On the evidence of the affectionate laughter I heard around me, with direction by Mark Babych, I’d say yes. “That was completely brilliant,” I overheard one punter saying. Bradwell has endorsed it too.

I don’t wish to be a party-pooper. I was often amused. But diligently and irreverently crafted though Bean’s act of imaginative reconstruction is, it strikes me as being all cod and no chips. Hull Truck was a trail-blazer on the touring experimental scene – it was the first fringe company to present a show at the new National theatre. Bean shows it gaining impact at a local level, but not how it came to matter further afield.
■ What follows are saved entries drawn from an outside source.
lemma merit_has_derivative_at_stiefel:
  fixes G :: "real^'r^'d \<Rightarrow> real^'r^'d" and F :: "real^'r^'d \<Rightarrow> real"
  assumes dG: "(G has_derivative G') (at y)"
    and dF: "(F has_derivative (\<lambda>h. G y \<bullet> h)) (at y)"
    and y: "gram_defect y = 0"
  shows "((\<lambda>z. merit gam (F z) (G z) z) has_derivative
      (\<lambda>h. G y \<bullet> h - (1/2) * (msym (transpose y ** G y) \<bullet> (transpose y ** h + transpose h ** y)))) (at y)"
proof -
  let ?T = "\<lambda>z. msym (transpose z ** G z)"
  let ?Q = "\<lambda>z. transpose z ** z - mat 1 :: real^'r^'r"
  let ?dQ = "\<lambda>h. transpose y ** h + transpose h ** y"
  have dtr: "(transpose has_derivative transpose) (at y)"
    by (rule bounded_linear_imp_has_derivative[OF bounded_linear_transpose])
  have dT: "(?T has_derivative (\<lambda>h. msym (transpose y ** G' h + transpose h ** G y))) (at y)"
    by (intro bounded_linear.has_derivative[OF bounded_linear_msym]
        bounded_bilinear.FDERIV[OF bounded_bilinear_matrix_mult] dtr dG)
  have "(?Q has_derivative (\<lambda>h. ?dQ h - 0)) (at y)"
    by (intro has_derivative_diff has_derivative_const has_derivative_ident
        bounded_bilinear.FDERIV[OF bounded_bilinear_matrix_mult] dtr)
  then have dQ: "(?Q has_derivative ?dQ) (at y)" by simp
  have "(\<lambda>z. merit gam (F z) (G z) z) = (\<lambda>z. F z - (1/2) * (?T z \<bullet> ?Q z) + (gam/4) * (?Q z \<bullet> ?Q z))"
    by (simp add: merit_def power2_norm_eq_inner)
  then have "((\<lambda>z. merit gam (F z) (G z) z) has_derivative
      (\<lambda>h. G y \<bullet> h - (1/2) * (?T y \<bullet> ?dQ h + msym (transpose y ** G' h + transpose h ** G y) \<bullet> ?Q y)
          + (gam/4) * (?Q y \<bullet> ?dQ h + ?dQ h \<bullet> ?Q y))) (at y)"
    by (simp only:) (intro has_derivative_add has_derivative_diff has_derivative_mult_right
        has_derivative_inner dF dT dQ)
  moreover have "?Q y = 0" using y by (simp add: gram_defect_def)
  ultimately show ?thesis by simp
qed

lemma merit_gradient_eq_tangent_proj:
  fixes G :: "real^'r^'d \<Rightarrow> real^'r^'d" and F :: "real^'r^'d \<Rightarrow> real"
  assumes dG: "(G has_derivative G') (at y)"
    and dF: "(F has_derivative (\<lambda>h. G y \<bullet> h)) (at y)"
    and dM: "((\<lambda>z. merit gam (F z) (G z) z) has_derivative (\<lambda>h. g \<bullet> h)) (at y)"
    and y: "gram_defect y = 0"
  shows "g = tangent_proj y (G y)"
proof -
  let ?T = "msym (transpose y ** G y)"
  have "G y \<bullet> h - (1/2) * (?T \<bullet> (transpose y ** h + transpose h ** y)) = tangent_proj y (G y) \<bullet> h"
    for h
  proof -
    have "?T \<bullet> (transpose h ** y) = transpose ?T \<bullet> transpose (transpose h ** y)"
      by (simp add: inner_transpose)
    also have "\<dots> = ?T \<bullet> (transpose y ** h)"
      by (simp add: transpose_msym matrix_transpose_mul)
    finally show ?thesis
      by (simp add: tangent_proj_def inner_add_right inner_diff_left inner_matrix_mult_left)
  qed
  then have "(\<lambda>h. g \<bullet> h) = (\<lambda>h. tangent_proj y (G y) \<bullet> h)"
    using has_derivative_unique[OF dM merit_has_derivative_at_stiefel[OF dG dF y]] by simp
  then have "(g - tangent_proj y (G y)) \<bullet> (g - tangent_proj y (G y)) = 0"
    by (metis inner_diff_left right_minus_eq)
  then show ?thesis by simp
qed

lemma has_derivative_favg:
  assumes "\<And>i. i < n \<Longrightarrow> (f i has_derivative (\<lambda>h. g i y \<bullet> h)) (at y)"
  shows "(favg n f has_derivative (\<lambda>h. gavg n g y \<bullet> h)) (at y)"
proof -
  have "((\<lambda>z. (1 / real n) * (\<Sum>i<n. f i z)) has_derivative
      (\<lambda>h. (1 / real n) * (\<Sum>i<n. g i y \<bullet> h))) (at y)"
    by (intro has_derivative_mult_right has_derivative_sum assms) simp
  moreover have "(\<lambda>z. (1 / real n) * (\<Sum>i<n. f i z)) = favg n f"
    by (simp add: favg_def fun_eq_iff)
  moreover have "(\<lambda>h. (1 / real n) * (\<Sum>i<n. g i y \<bullet> h)) = (\<lambda>h. gavg n g y \<bullet> h)"
    by (simp add: gavg_def fun_eq_iff inner_sum_left)
  ultimately show ?thesis by simp
qed

lemma lipschitz_bound_nonneg:
  fixes g :: "'a::real_normed_vector \<Rightarrow> 'b::real_normed_vector"
  assumes "\<And>y z. y \<in> S \<Longrightarrow> z \<in> S \<Longrightarrow> norm (g y - g z) \<le> K * norm (y - z)"
    and "a \<in> S" "b \<in> S" "a \<noteq> b"
  shows "0 \<le> K"
proof -
  have "0 \<le> K * norm (a - b)" using assms(1)[OF assms(2,3)] norm_ge_zero order_trans by blast
  then show ?thesis using assms(4) by (simp add: zero_le_mult_iff)
qed

lemma one_le_norm_mat_1: "1 \<le> norm (mat 1 :: real^'n^'n)"
proof -
  fix i :: 'n
  have "\<bar>(mat 1 :: real^'n^'n) $ i $ i\<bar> \<le> norm ((mat 1 :: real^'n^'n) $ i)"
    by (rule component_le_norm_cart)
  also have "\<dots> \<le> norm (mat 1 :: real^'n^'n)"
    by (rule Finite_Cartesian_Product.norm_nth_le)
  finally show ?thesis by (simp add: mat_def)
qed

lemma zero_notin_StiefelEps: "eps < 1 \<Longrightarrow> (0::real^'r^'d) \<notin> StiefelEps eps"
  using one_le_norm_mat_1[where 'n='r] by (simp add: StiefelEps_iff gram_defect_def)

lemma uminus_in_StiefelEps: "- z \<in> StiefelEps eps \<longleftrightarrow> z \<in> StiefelEps eps"
  by (simp add: StiefelEps_iff gram_defect_minus)

lemma lipschitz_on_StiefelEps_nonneg:
  fixes g :: "real^'r^'d \<Rightarrow> 'b::real_normed_vector" and x :: "real^'r^'d"
  assumes lip: "\<And>y z. y \<in> StiefelEps eps \<Longrightarrow> z \<in> StiefelEps eps \<Longrightarrow> norm (g y - g z) \<le> K * norm (y - z)"
    and x: "x \<in> StiefelEps eps" and eps: "eps < 1"
  shows "0 \<le> K"
proof (rule lipschitz_bound_nonneg[OF lip x])
  show "- x \<in> StiefelEps eps" using x by (simp add: uminus_in_StiefelEps)
  show "x \<noteq> - x"
    using x zero_notin_StiefelEps[OF eps] by (auto simp: eq_neg_iff_add_eq_0 simp flip: scaleR_2)
qed

theorem lemma15:
  fixes f :: "nat \<Rightarrow> real^'r^'d \<Rightarrow> real"
    and gf :: "nat \<Rightarrow> real^'r^'d \<Rightarrow> real^'r^'d"
    and n :: nat and L eps lam gam L_Lc L_Lam :: real
    and H :: "real^'r^'d \<Rightarrow> ((real^'r^'d) \<Rightarrow>\<^sub>L (real^'r^'d))"
    and gLc :: "real^'r^'d \<Rightarrow> real^'r^'d"
    and x :: "real^'r^'d"
  defines "Lhat \<equiv> max L (Sup ((\<lambda>y. norm (gavg n gf y)) ` StiefelEps eps))"
    and "s \<equiv> Sup ((\<lambda>y. norm (msym (transpose y ** gavg n gf y))) ` StiefelEps eps)"
  assumes n_pos: "n > 0"
    and eps: "0 < eps" "eps < 3/4"
    and lam: "lam > 0"
    and grad_fi: "\<And>i y. i < n \<Longrightarrow> (f i has_derivative (\<lambda>h. gf i y \<bullet> h)) (at y)"
    and smooth_fi: "\<And>i y z. i < n \<Longrightarrow>
        f i z \<le> f i y + gf i y \<bullet> (z - y) + (L/2) * (norm (z - y))^2"
    and F_C2: "\<And>y. (gavg n gf has_derivative blinfun_apply (H y)) (at y)"
    and H_cont: "continuous_on UNIV H"
    and gam: "gam \<ge> 2 / (3 - 4*eps) * (L * (1 - eps) + 3 * s
              + Lhat^2 * (1 + eps)^2 / (lam * (1 - eps)))"
    and grad_merit: "\<And>y. ((\<lambda>z. merit gam (favg n f z) (gavg n gf z) z) has_derivative (\<lambda>h. gLc y \<bullet> h)) (at y)"
    and Lip_merit: "\<And>y z. y \<in> StiefelEps eps \<Longrightarrow> z \<in> StiefelEps eps \<Longrightarrow>
        norm (gLc y - gLc z) \<le> L_Lc * norm (y - z)"
    and Lip_Lam: "\<And>y z. y \<in> StiefelEps eps \<Longrightarrow> z \<in> StiefelEps eps \<Longrightarrow>
        norm (LamMap lam (gavg n gf y) y - LamMap lam (gavg n gf z) z) \<le> L_Lam * norm (y - z)"
    and Lip_Lam_i: "\<And>i y z. i < n \<Longrightarrow> y \<in> StiefelEps eps \<Longrightarrow> z \<in> StiefelEps eps \<Longrightarrow>
        norm (LamMap lam (gf i y) y - LamMap lam (gf i z) z) \<le> L_Lam * norm (y - z)"
    and x_in: "x \<in> StiefelEps eps"
  shows "norm (gLc x) \<le> (3 * max Lhat (max L_Lc L_Lam) / (lam * (1 - eps)) + 2)
                         * norm (LamMap lam (gavg n gf x) x)"
proof -
  let ?G = "gavg n gf"
  let ?Lx = "norm (LamMap lam (?G x) x)"
  let ?L' = "max Lhat (max L_Lc L_Lam)"
  obtain y where y: "gram_defect y = 0" and dist: "norm (x - y) \<le> ?Lx / (lam * (1 - eps))"
    using stiefel_point_near_LamMap[OF x_in eps(2) lam] by blast
  have y_in: "y \<in> StiefelEps eps" using y eps by (simp add: StiefelEps_iff)
  have "norm (gLc y) \<le> 2 * norm (LamMap lam (?G y) y)"
    using merit_gradient_eq_tangent_proj[OF F_C2 has_derivative_favg[OF grad_fi] grad_merit y]
      norm_tangent_proj_le_LamMap y by (simp add: gram_defect_def)
  moreover have "norm (LamMap lam (?G y) y) \<le> ?Lx + L_Lam * norm (x - y)"
    using Lip_Lam[OF y_in x_in] norm_triangle_ineq2[of "LamMap lam (?G y) y" "LamMap lam (?G x) x"]
    by (simp add: norm_minus_commute)
  moreover have "norm (gLc x) \<le> norm (gLc y) + L_Lc * norm (x - y)"
    using Lip_merit[OF x_in y_in] norm_triangle_ineq2[of "gLc x" "gLc y"] by simp
  moreover have "L_Lam * norm (x - y) \<le> ?L' * norm (x - y)" "L_Lc * norm (x - y) \<le> ?L' * norm (x - y)"
    by (intro mult_right_mono; simp)+
  moreover have "0 \<le> L_Lc"
    using lipschitz_on_StiefelEps_nonneg[OF Lip_merit x_in] eps(2) by simp
  then have "?L' * norm (x - y) \<le> ?L' * (?Lx / (lam * (1 - eps)))"
    using dist by (intro mult_left_mono) auto
  ultimately have "norm (gLc x) \<le> 2 * ?Lx + 3 * ?L' * (?Lx / (lam * (1 - eps)))"
    by linarith
  also have "\<dots> = (3 * ?L' / (lam * (1 - eps)) + 2) * ?Lx"
    using lam eps by (simp add: field_simps)
  finally show ?thesis .
qed

end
His focus on bare-bones beginnings also rules out some of the gems found in Bradwell’s memoir, a part-inspiration for him, such as the time Beat poet Allen Ginsberg joined them for a kids show only to be pelted by Coke cans.

A sense of static enclosure is writ large from the start, when a woozy exchange on a living-room sofa involving a couple of stoners reveals itself as a work-in-progress involving improvised characters – Bradwell wanted his actors as immersed in their roles as possible, a DIY “Method” approach. Whatever’s happening beyond the outside telephone box that serves as an office barely impinges; there’s no discussion of current events, say. This being a harsh winter, and the fan-heater broken (a cue for one of a number of live coltish rock numbers), they’ve resorted to burning bits of furniture to stay warm.

Bean dives into the giro-funded grottiness of it all with aplomb but doesn’t fully unpick the motivations and aspirations binding the cohort together. Aside from love trouble between Kieran Knowles’s bearded, earnest Bradwell and fed-up actress Linda (Lauryn Redding), it’s fairly low-heat in terms of personal drama.

The stage comes to its most riotous life during a bonkers, typically bawdy cabaret hour and at each appearance by Joanna Holden, playing the formidable landlady Mrs Snowball. She’s like a Hyacinth Bucket of Hull, with a dash of feral aggression that leaves a hapless male food company rep fending her off in the funniest scene. Some of the local in-jokes inevitably went over my head. Entirely intelligible, though, is the two-word expletive from John Cleese (fact!) sent in response to a begging letter from the troupe. All the same, with the theatre still trucking, you could at least say that Bradwell and co had the last laugh.